Stored records
section \<open>Graev free topological groups\<close>

lemma (in group) hom_fixes_generate:
  assumes h: "h \<in> hom G G" and S: "S \<subseteq> carrier G" and fixes_S: "\<And>s. s \<in> S \<Longrightarrow> h s = s"
    and w: "w \<in> generate G S"
  shows "h w = w"
proof -
  interpret group_hom G G h
    using h by (simp add: group_hom_def group_hom_axioms_def is_group)
  show ?thesis
    using w
  proof (induction rule: generate.induct)
    case (incl s)
    then show ?case
      by (rule fixes_S)
  next
    case (inv s)
    then show ?case
      using S fixes_S by auto
  next
    case (eng a b)
    then show ?case
      using generate_in_carrier[OF S] by simp
  qed simp
qed

lemma (in group) generate_finite_subset:
  assumes "w \<in> generate G S"
  shows "\<exists>F. finite F \<and> F \<subseteq> S \<and> w \<in> generate G F"
  using assms
proof (induction rule: generate.induct)
  case one
  then show ?case
    using generate.one by blast
next
  case (incl s)
  then show ?case
    using generate.incl[of s "{s}"] by blast
next
  case (inv s)
  then show ?case
    using generate.inv[of s "{s}"] by blast
next
  case (eng a b)
  then obtain F1 F2 where "finite F1" "F1 \<subseteq> S" "a \<in> generate G F1"
    and "finite F2" "F2 \<subseteq> S" "b \<in> generate G F2"
    by blast
  moreover have "generate G F1 \<subseteq> generate G (F1 \<union> F2)" "generate G F2 \<subseteq> generate G (F1 \<union> F2)"
    by (simp_all add: mono_generate)
  ultimately show ?case
    by (intro exI[of _ "F1 \<union> F2"]) (auto intro: generate.eng)
qed

lemma (in group_hom) image_eq_carrier_if_generators:
  assumes "generate H S = carrier H" and "S \<subseteq> h ` carrier G"
  shows "h ` carrier G = carrier H"
  using H.generate_subgroup_incl[OF assms(2) img_is_subgroup] assms(1) by auto

lemma graev_free_in_variety: "graev_free V X x0 G T i \<Longrightarrow> in_variety V G T"
  by (simp add: graev_free_def)

lemma graev_free_basepoint:
  assumes "graev_free V X x0 G T i"
  shows "x0 \<in> topspace X" and "i x0 = \<one>\<^bsub>G\<^esub>"
  using assms by (simp_all add: graev_free_def)

lemma graev_free_generate: "graev_free V X x0 G T i \<Longrightarrow> generate G (i ` topspace X) = carrier G"
  by (simp add: graev_free_def)

lemma graev_free_topological_group: "graev_free V X x0 G T i \<Longrightarrow> topological_group G T"
  by (simp add: graev_free_def in_variety_def)

lemma graev_free_continuous_map: "graev_free V X x0 G T i \<Longrightarrow> continuous_map X T i"
  unfolding graev_free_def embedding_map_def
  by (meson continuous_map_in_subtopology homeomorphic_imp_continuous_map)
lemma log_growth_eq: "ln (pi/2 + offset n) - ln (offset n) = log_growth n"
proof -
  have "(pi/2 + offset n) / (offset n) = 1 + pi * npts n / 18"
    using npts_pos[of n] by (simp add: offset_def field_simps)
  moreover have "0 < offset n" "0 < pi/2 + offset n"
    using npts_pos[of n] pi_gt_zero by (auto simp: offset_def intro: add_pos_pos)
  then have "ln (pi/2 + offset n) - ln (offset n) = ln ((pi/2 + offset n) / (offset n))"
    by (intro ln_divide_pos[symmetric])
  ultimately show ?thesis unfolding log_growth_def by metis
qed

lemma log_growth_nonneg: "0 \<le> log_growth n"
  using npts_pos[of n] pi_gt_zero by (simp add: log_growth_def)

lemma powr_product_lower:
  fixes X Y M K a b :: real
  assumes "0 < a" "1 \<le> b" "0 \<le> M"
    and X: "exp (- (a * K)) * M \<le> X" and Y: "exp (- (b * K)) / 8 \<le> Y"
  shows "exp (- 2 * K) / 8 * M powr (1 / a) \<le> X powr (1 / a) * Y powr (1 / b)"
proof -
  have "exp (- K) * M powr (1 / a) = (exp (- (a * K)) * M) powr (1 / a)"
    using assms by (simp add: powr_mult exp_powr_real)
  also have "\<dots> \<le> X powr (1 / a)" using assms by (intro powr_mono2) auto
  finally have X_pow: "exp (- K) * M powr (1 / a) \<le> X powr (1 / a)" .
  have "exp (- K) / 8 \<le> exp (- K) * (1 / 8) powr (1 / b)"
    using powr_mono'[of "1 / b" 1 "1 / 8"] assms by (simp add: divide_simps)
  also have "\<dots> = (exp (- (b * K)) / 8) powr (1 / b)"
    using assms by (simp add: powr_mult exp_powr_real powr_divide)
  also have "\<dots> \<le> Y powr (1 / b)" using assms by (intro powr_mono2) auto
  finally have Y_pow: "exp (- K) / 8 \<le> Y powr (1 / b)" .
  have "exp (- 2 * K) / 8 * M powr (1 / a) = (exp (- K) * M powr (1 / a)) * (exp (- K) / 8)"
    by (simp add: exp_add[symmetric])
  also have "\<dots> \<le> X powr (1 / a) * Y powr (1 / b)"
    using X_pow Y_pow by (intro mult_mono) auto
  finally show ?thesis .
qed

context
  fixes p :: real and n :: nat
  assumes p: "1 < p" and n: "2 \<le> n"
begin

lemma ln_norm_Fpoly_lower:
  assumes "pi / 2 \<le> t" "t \<le> pi"
  shows "- log_F_bound - pert_sigma p * ln (pi - t + offset n) \<le> ln (cmod (Fpoly p n (cis t)))"
  using ln_norm_Fpoly[of p n t] defect_lower[OF p n assms]
    ln_norm_one_minus_small[OF _ radius_power_le, of n "npts n * (t - shift p n)"] radius_bounds(1)[of n]
  by (simp add: log_F_bound_def abs_le_iff)

lemma ln_norm_Fpoly_upper:
  assumes "0 \<le> t" "t \<le> pi / 2"
  shows "ln (cmod (Fpoly p n (cis t))) \<le> log_F_bound + pert_sigma p * ln (t + offset n)"
  using ln_norm_Fpoly[of p n t] defect_upper[OF p n assms]
    ln_norm_one_minus_small[OF _ radius_power_le, of n "npts n * (t - shift p n)"] radius_bounds(1)[of n]
  by (simp add: log_F_bound_def abs_le_iff)

(* For n >= 2 the distance to the singularity stays within range of powr_ge_quarter. *)
lemma offset_bounds: "0 < offset n" "pi/2 + offset n \<le> 4"
proof -
  have "5 \<le> npts n" using n by (simp add: npts_def)
  then have "offset n \<le> 9 / 5" by (simp add: offset_def field_simps)
  then show "pi/2 + offset n \<le> 4" using pi_less_4 by simp
qed (use npts_pos[of n] in \<open>simp add: offset_def\<close>)

lemma Fpoly_powr_lower_right:
  assumes "0 < a" "t \<in> {pi/2..pi}"
  shows "exp (- (a * log_F_bound)) * (pi - t + offset n) powr (- (a * pert_sigma p))
           \<le> cmod (Fpoly p n (cis t)) powr a"
proof -
  define y where "y = pi - t + offset n"
  have y: "0 < y" using assms offset_bounds unfolding y_def by (intro add_nonneg_pos) auto
  have "a * (- log_F_bound - pert_sigma p * ln y) \<le> a * ln (cmod (Fpoly p n (cis t)))"
    using ln_norm_Fpoly_lower assms unfolding y_def by (intro mult_left_mono) auto
  then have "exp (- (a * log_F_bound) + - (a * pert_sigma p) * ln y) \<le> cmod (Fpoly p n (cis t)) powr a"
    by (simp add: norm_Fpoly_powr algebra_simps)
  moreover have "y powr (- (a * pert_sigma p)) = exp (- (a * pert_sigma p) * ln y)"
    using y by (simp add: powr_def)
  ultimately show ?thesis by (simp only: exp_add y_def)
qed

lemma Fpoly_powr_lower_left:
  assumes "0 < a" "t \<in> {0..pi/2}"
  shows "exp (- (a * log_F_bound)) * (t + offset n) powr (- (a * pert_sigma p))
           \<le> cmod (Fpoly p n (cis t)) powr (- a)"
proof -
  define y where "y = t + offset n"
  have y: "0 < y" using assms offset_bounds unfolding y_def by (intro add_nonneg_pos) auto
  have "a * ln (cmod (Fpoly p n (cis t))) \<le> a * (log_F_bound + pert_sigma p * ln y)"
    using ln_norm_Fpoly_upper assms unfolding y_def by (intro mult_left_mono) auto
  then have "exp (- (a * log_F_bound) + - (a * pert_sigma p) * ln y) \<le> cmod (Fpoly p n (cis t)) powr (- a)"
    by (simp add: norm_Fpoly_powr algebra_simps)
  moreover have "y powr (- (a * pert_sigma p)) = exp (- (a * pert_sigma p) * ln y)"
    using y by (simp add: powr_def)
  ultimately show ?thesis by (simp only: exp_add y_def)
qed
(* A compact metric space of negative type has a unique diversity-maximizing measure.
   Context: Let $(X,d)$ be a compact metric space, $Z(x,y)=e^{-d(x,y)}$, $\mathscr{P}(X)$ the set of Borel probability measures on $X$, and $\langle \mu,\nu\rangle_{\mathscr{W}} = \int_X\int_X Z(x,y)\,\mu(dx)\,\nu(dy)$. The maximum diversity is $|X|_+ = \sup_{\mu\in\mathscr{P}(X)} 1/\langle\mu,\mu\rangle_{\mathscr{W}}$ and a diversity-maximizing measure is a $\mu\in\mathscr{P}(X)$ attaining it. $X$ is of negative type if $(X,\sqrt d)$ embeds isometrically into a Hilbert space. *)

theory Defs
  imports "HOL-Analysis.Analysis" "HOL-Probability.Probability"
begin

definition borel_prob_measures :: "'a::metric_space set \<Rightarrow> 'a measure set" where
  "borel_prob_measures X = {M. sets M = sets (restrict_space borel X) \<and> prob_space M}"

definition simkernel :: "'a::metric_space \<Rightarrow> 'a \<Rightarrow> real" where
  "simkernel x y = exp (- dist x y)"

definition sim_pairing :: "'a::metric_space measure \<Rightarrow> 'a measure \<Rightarrow> real" where
  "sim_pairing \<mu> \<nu> = (\<integral>y. (\<integral>x. simkernel x y \<partial>\<mu>) \<partial>\<nu>)"

definition max_diversity :: "'a::metric_space set \<Rightarrow> real" where
  "max_diversity X = (SUP \<mu> \<in> borel_prob_measures X. 1 / sim_pairing \<mu> \<mu>)"

definition diversity_maximizing :: "'a::metric_space set \<Rightarrow> 'a measure \<Rightarrow> bool" where
  "diversity_maximizing X \<mu> \<longleftrightarrow>
     \<mu> \<in> borel_prob_measures X \<and> 1 / sim_pairing \<mu> \<mu> = max_diversity X"

text \<open>X is of negative type iff (X, sqrt d) embeds isometrically into the Hilbert space 'h.\<close>
definition neg_type_into :: "'a::metric_space set \<Rightarrow> ('a \<Rightarrow> 'h::{real_inner,complete_space}) \<Rightarrow> bool" where
  "neg_type_into X f \<longleftrightarrow> (\<forall>x\<in>X. \<forall>y\<in>X. dist (f x) (f y) = sqrt (dist x y))"

end

theory Submission
  imports Defs
begin

text \<open>Write \<open>energy \<mu> = \<langle>\<mu>, \<mu>\<rangle>\<close>. Existence of a minimizer: discretize \<open>X\<close> by nested finite
  partitions into cells whose diameters tend to \<open>0\<close>. The cell masses of a minimizing sequence have
  a pointwise convergent subsequence (Tychonoff), and every consistent family of cell masses is
  realized by a probability measure, the image of Lebesgue measure on \<open>[0, 1)\<close> under a quantile
  map; its energy is the limit of the discretized energies, which is therefore the infimum.

  Uniqueness: for two minimizers \<open>\<mu>\<close> and \<open>\<nu>\<close>, comparison with their midpoint shows that the
  discretized energy of \<open>\<mu> - \<nu>\<close> tends to \<open>0\<close>. If \<open>f\<close> embeds \<open>(X, \<surd>d)\<close> isometrically into a
  Hilbert space, the kernel is the Gaussian \<open>exp (- \<parallel>f x - f y\<parallel>\<^sup>2)\<close>, which stays positive
  semidefinite after adjoining an arbitrary point \<open>h\<close>; this forces \<open>\<mu>\<close> and \<open>\<nu>\<close> to integrate
  \<open>exp (- \<parallel>f x - h\<parallel>\<^sup>2)\<close> equally for every \<open>h\<close>. The functions \<open>x \<mapsto> exp (f x \<bullet> h)\<close> span a
  point-separating algebra, so by Stone--Weierstrass \<open>\<mu>\<close> and \<open>\<nu>\<close> agree on all continuous
  functions and therefore coincide.\<close>

section \<open>Integrals over finite partitions\<close>

definition measurable_partition :: "'b measure \<Rightarrow> 'i set \<Rightarrow> ('i \<Rightarrow> 'b set) \<Rightarrow> bool" where
  "measurable_partition M W A \<longleftrightarrow>
     finite W \<and> (\<forall>v\<in>W. A v \<in> sets M) \<and> disjoint_family_on A W \<and> space M \<subseteq> (\<Union>v\<in>W. A v)"

lemma (in prob_space) integral_partition_approx:
  assumes A: "measurable_partition M W A" and f: "integrable M f"
    and close: "\<And>v x. v \<in> W \<Longrightarrow> x \<in> A v \<Longrightarrow> \<bar>f x - c v\<bar> \<le> e"
  shows "\<bar>(\<integral>x. f x \<partial>M) - (\<Sum>v\<in>W. prob (A v) * c v)\<bar> \<le> e"
proof -
  have fin: "finite W" and sets: "\<And>v. v \<in> W \<Longrightarrow> A v \<in> events"
    and disj: "disjoint_family_on A W" and cover: "\<And>x. x \<in> space M \<Longrightarrow> \<exists>v\<in>W. x \<in> A v"
    using A unfolding measurable_partition_def by auto
  define g where "g x = (\<Sum>v\<in>W. indicator (A v) x * c v)" for x
  have g: "integrable M g"
    unfolding g_def using sets by (auto simp: emeasure_eq_measure)
  have "(\<integral>x. g x \<partial>M) = (\<Sum>v\<in>W. prob (A v) * c v)"
    unfolding g_def using sets
    by (subst Bochner_Integration.integral_sum)
      (auto intro!: sum.cong simp: emeasure_eq_measure Int_absorb2 sets.sets_into_space)
  moreover have "g x = c v" if "v \<in> W" "x \<in> A v" for v x
  proof -
    have "g x = indicator (A v) x * c v + (\<Sum>u\<in>W-{v}. indicator (A u) x * c u)"
      unfolding g_def by (rule sum.remove[OF fin that(1)])
    also have "(\<Sum>u\<in>W-{v}. indicator (A u) x * c u) = 0"
      using disj that unfolding disjoint_family_on_def by (intro sum.neutral) (auto split: split_indicator)
    finally show ?thesis using that by simp
  qed
  then have "\<bar>f x - g x\<bar> \<le> e" if "x \<in> space M" for x
    using cover[OF that] close by force
  then have "(\<integral>x. f x - g x \<partial>M) \<le> (\<integral>x. e \<partial>M)" and "(\<integral>x. g x - f x \<partial>M) \<le> (\<integral>x. e \<partial>M)"
    using f g by (intro integral_mono; force simp: abs_le_iff)+
  ultimately show ?thesis using f g by (simp add: prob_space abs_le_iff)
qed

lemma iterated_integral_partition_approx:
  assumes M: "prob_space M" and N: "prob_space N"
    and A: "measurable_partition M W A" and B: "measurable_partition N W B"
    and int_inner: "\<And>t. t \<in> space N \<Longrightarrow> integrable M (\<lambda>s. F s t)"
    and int_outer: "integrable N (\<lambda>t. \<integral>s. F s t \<partial>M)"
    and close: "\<And>v w s t. v \<in> W \<Longrightarrow> w \<in> W \<Longrightarrow> s \<in> A v \<Longrightarrow> t \<in> B w \<Longrightarrow> \<bar>F s t - c v w\<bar> \<le> e"
  shows "\<bar>(\<integral>t. (\<integral>s. F s t \<partial>M) \<partial>N) - (\<Sum>w\<in>W. measure N (B w) * (\<Sum>v\<in>W. measure M (A v) * c v w))\<bar> \<le> e"
proof (rule prob_space.integral_partition_approx[OF N B int_outer])
  fix w t assume w: "w \<in> W" and t: "t \<in> B w"
  then have "t \<in> space N"
    using B sets.sets_into_space unfolding measurable_partition_def by blast
  then show "\<bar>(\<integral>s. F s t \<partial>M) - (\<Sum>v\<in>W. measure M (A v) * c v w)\<bar> \<le> e"
    using w t by (intro prob_space.integral_partition_approx[OF M A int_inner]) (auto intro: close)
qed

## Problem to work on
Write out only the lines that run from the line containing "using npts_pos[of n] pi_gt_zero by (simp" through the line containing "8 \<le> Y powr", both included, exactly as they appear above.

## Solution
  using npts_pos[of n] pi_gt_zero by (simp add: log_growth_def)

lemma powr_product_lower:
  fixes X Y M K a b :: real
  assumes "0 < a" "1 \<le> b" "0 \<le> M"
    and X: "exp (- (a * K)) * M \<le> X" and Y: "exp (- (b * K)) / 8 \<le> Y"
  shows "exp (- 2 * K) / 8 * M powr (1 / a) \<le> X powr (1 / a) * Y powr (1 / b)"
proof -
  have "exp (- K) * M powr (1 / a) = (exp (- (a * K)) * M) powr (1 / a)"
    using assms by (simp add: powr_mult exp_powr_real)
  also have "\<dots> \<le> X powr (1 / a)" using assms by (intro powr_mono2) auto
  finally have X_pow: "exp (- K) * M powr (1 / a) \<le> X powr (1 / a)" .
  have "exp (- K) / 8 \<le> exp (- K) * (1 / 8) powr (1 / b)"
    using powr_mono'[of "1 / b" 1 "1 / 8"] assms by (simp add: divide_simps)
  also have "\<dots> = (exp (- (b * K)) / 8) powr (1 / b)"
    using assms by (simp add: powr_mult exp_powr_real powr_divide)
  also have "\<dots> \<le> Y powr (1 / b)" using assms by (intro powr_mono2) auto
  finally have Y_pow: "exp (- K) / 8 \<le> Y powr (1 / b)" .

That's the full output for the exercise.